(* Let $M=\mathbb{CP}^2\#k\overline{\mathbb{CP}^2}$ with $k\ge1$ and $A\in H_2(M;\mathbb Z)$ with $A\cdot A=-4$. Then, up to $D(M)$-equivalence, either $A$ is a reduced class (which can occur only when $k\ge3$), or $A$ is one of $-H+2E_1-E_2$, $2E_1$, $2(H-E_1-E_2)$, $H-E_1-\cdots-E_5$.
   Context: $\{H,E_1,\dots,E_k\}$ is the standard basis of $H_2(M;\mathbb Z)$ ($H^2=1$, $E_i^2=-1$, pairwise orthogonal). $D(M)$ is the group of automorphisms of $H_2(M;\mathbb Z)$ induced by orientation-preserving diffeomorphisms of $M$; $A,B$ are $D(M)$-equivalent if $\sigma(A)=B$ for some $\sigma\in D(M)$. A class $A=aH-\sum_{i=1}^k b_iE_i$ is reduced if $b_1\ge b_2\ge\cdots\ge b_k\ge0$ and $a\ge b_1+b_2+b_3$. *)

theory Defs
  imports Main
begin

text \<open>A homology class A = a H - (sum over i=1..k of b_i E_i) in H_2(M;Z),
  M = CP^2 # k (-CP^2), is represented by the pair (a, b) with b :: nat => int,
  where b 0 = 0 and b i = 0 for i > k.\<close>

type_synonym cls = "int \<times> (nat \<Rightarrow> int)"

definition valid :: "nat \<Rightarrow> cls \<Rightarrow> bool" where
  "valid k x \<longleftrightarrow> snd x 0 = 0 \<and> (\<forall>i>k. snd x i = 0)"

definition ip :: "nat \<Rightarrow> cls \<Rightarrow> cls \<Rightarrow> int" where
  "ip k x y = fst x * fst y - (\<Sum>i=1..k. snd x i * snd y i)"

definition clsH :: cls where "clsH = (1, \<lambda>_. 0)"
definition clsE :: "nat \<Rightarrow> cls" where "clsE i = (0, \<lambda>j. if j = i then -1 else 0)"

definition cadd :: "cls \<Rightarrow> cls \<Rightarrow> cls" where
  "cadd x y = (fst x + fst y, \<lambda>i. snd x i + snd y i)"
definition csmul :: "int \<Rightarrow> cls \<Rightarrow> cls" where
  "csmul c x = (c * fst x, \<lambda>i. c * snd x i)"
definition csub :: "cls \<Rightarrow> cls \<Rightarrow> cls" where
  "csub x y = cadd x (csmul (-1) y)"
|---|
Output the records above exactly, from their first line through the line that contains "(0, \<lambda>j. if", and add nothing.

(* Let $M=\mathbb{CP}^2\#k\overline{\mathbb{CP}^2}$ with $k\ge1$ and $A\in H_2(M;\mathbb Z)$ with $A\cdot A=-4$. Then, up to $D(M)$-equivalence, either $A$ is a reduced class (which can occur only when $k\ge3$), or $A$ is one of $-H+2E_1-E_2$, $2E_1$, $2(H-E_1-E_2)$, $H-E_1-\cdots-E_5$.
   Context: $\{H,E_1,\dots,E_k\}$ is the standard basis of $H_2(M;\mathbb Z)$ ($H^2=1$, $E_i^2=-1$, pairwise orthogonal). $D(M)$ is the group of automorphisms of $H_2(M;\mathbb Z)$ induced by orientation-preserving diffeomorphisms of $M$; $A,B$ are $D(M)$-equivalent if $\sigma(A)=B$ for some $\sigma\in D(M)$. A class $A=aH-\sum_{i=1}^k b_iE_i$ is reduced if $b_1\ge b_2\ge\cdots\ge b_k\ge0$ and $a\ge b_1+b_2+b_3$. *)

theory Defs
  imports Main
begin

text \<open>A homology class A = a H - (sum over i=1..k of b_i E_i) in H_2(M;Z),
  M = CP^2 # k (-CP^2), is represented by the pair (a, b) with b :: nat => int,
  where b 0 = 0 and b i = 0 for i > k.\<close>

type_synonym cls = "int \<times> (nat \<Rightarrow> int)"

definition valid :: "nat \<Rightarrow> cls \<Rightarrow> bool" where
  "valid k x \<longleftrightarrow> snd x 0 = 0 \<and> (\<forall>i>k. snd x i = 0)"

definition ip :: "nat \<Rightarrow> cls \<Rightarrow> cls \<Rightarrow> int" where
  "ip k x y = fst x * fst y - (\<Sum>i=1..k. snd x i * snd y i)"

definition clsH :: cls where "clsH = (1, \<lambda>_. 0)"
definition clsE :: "nat \<Rightarrow> cls" where "clsE i = (0, \<lambda>j. if j = i then -1 else 0)"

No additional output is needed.